Which is maybe why Maverick takes place in such an otherworldly environment. The reality these pilots inhabit is a curiously empty one, mostly devoid of civilians, and the vast stretches of flat desert across which their jets blast feel like a dreamscape — an effect enhanced by the fact that during their training exercises, the valleys and mountains and missiles and enemy fighters they must evade exist only as readouts on computer screens. This is supposedly the same “Fightertown, USA” in San Diego where the first Top Gun took place (the airplane sequences were shot in real military-controlled areas where the U.S. Navy trains its pilots because those are the only places in the country where fighter jets are allowed to fly that low). But this time, the whole film seems to be playing out on the far edges of the empire. Never have fighters zooming across the screen looked so thrilling and felt so resoundingly, so gorgeously sad. This is also the universe in which Kosinski best operates. He finds cinematic poetry in liminal spaces — be it the melancholy, nocturnal digital netherworld of Tron: Legacy, or the flat futuristic wastelands in his moody sci-fi thriller Oblivion, or the great cathedrals of fire in Only the Brave.

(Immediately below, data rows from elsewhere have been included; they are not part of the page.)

lemma split_closed_top_rows:
  assumes G: "is_slp2 G"
  shows "split_closed (top_rows G N)"
proof -
  let ?E = "expansion G" and ?R = "top_rows G N"
  have "\<exists>a\<in>?R. \<exists>b\<in>?R. ?E X ! i = a @ b"
    if "X \<in> nts G" "i < length (?E X)" "i < N" "2 \<le> length (?E X ! i)" for X i
    using wf_occurrence_rel_converse[OF G] that
  proof (induction X arbitrary: i rule: wf_induct_rule)
    case (less X)
    have EX: "expands G X (?E X)" by (rule expands_expansion[OF G less.prems(1)])
    have children: "Y \<in> nts G" "(Y, X) \<in> (occurrence_rel G)\<inverse>" if "Y \<in> rhs_nts (rules G X)" for Y
      using that G less.prems(1) unfolding is_slp2_def occurrence_rel_def by auto
    show ?case
    proof (cases "rules G X")
      case (Chr c)
      then have "?E X = [[c]]" using expansion_eqI[OF expands.chr[OF less.prems(1)]] by simp
      then show ?thesis using less.prems(2,4) by simp
    next
      case (HCat Y Z)
      from EX show ?thesis
      proof cases
        case (hcat Y' Z' A B)
        with HCat have A: "?E Y = A" and B: "?E Z = B" and YZ: "Y \<in> nts G" "Z \<in> nts G"
          using expansion_eqI children by auto
        then have "?E X ! i = ?E Y ! i @ ?E Z ! i" and "i < length (?E Y)" "i < length (?E Z)"
          using hcat less.prems(2) by auto
        then show ?thesis using YZ less.prems(3) unfolding top_rows_def by blast
      qed (simp_all add: HCat)
    next
      case (VCat Y Z)
      from EX show ?thesis
      proof cases
        case (vcat Y' Z' A B)
        with VCat have A: "?E Y = A" and B: "?E Z = B"
          using expansion_eqI by auto
        have Y: "Y \<in> nts G" "(Y, X) \<in> (occurrence_rel G)\<inverse>"
          and Z: "Z \<in> nts G" "(Z, X) \<in> (occurrence_rel G)\<inverse>" using children VCat by auto
        show ?thesis
        proof (cases "i < length A")
          case True
          then show ?thesis using less.IH[OF Y(2) Y(1)] less.prems vcat A by (simp add: nth_append)
        next
          case False
          then show ?thesis
            using less.IH[OF Z(2) Z(1), of "i - length A"] less.prems vcat B by (simp add: nth_append)
        qed
      qed (simp_all add: VCat)
    qed
  qed
  then show ?thesis unfolding split_closed_def top_rows_def by blast
qed

definition concat_prefixes :: "'a list list \<Rightarrow> 'a list set" where
  "concat_prefixes T = (\<lambda>k. concat (take k T)) ` {1..length T}"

He finds a similar poetry here, and it’s a profoundly moving one because the image of America from the original Top Gun still haunts the empty spaces of the new movie. The long-ago world that Maverick evokes and laments — the long-ago world of Cruise’s unblemished youth and of an influential era of pop filmmaking — also includes a happy national fantasy of freedom and certainty and goodness. Top Gun: Maverick isn’t unaware of this. The film isn’t political in any overt sense, but its hermetically sealed world suggests it knows it exists outside the margins of reality. Maverick makes quick references to Bosnia and Iraq but also notes that in a world where pilots are primarily called on to drop bombs or missiles from many miles away, dogfighting has become a lost art — one the movie will, of course, resurrect for one last ride, one last impossible mission against one last impossible adversary, threading the thinnest of threads through the tiniest of needles. The whole movie might be Cruise’s greatest stunt yet. Top Gun: Maverick is, finally, about the very impossibility of its own existence. The movie is its own ghost.

Top Gun: Maverick is in theaters May 24.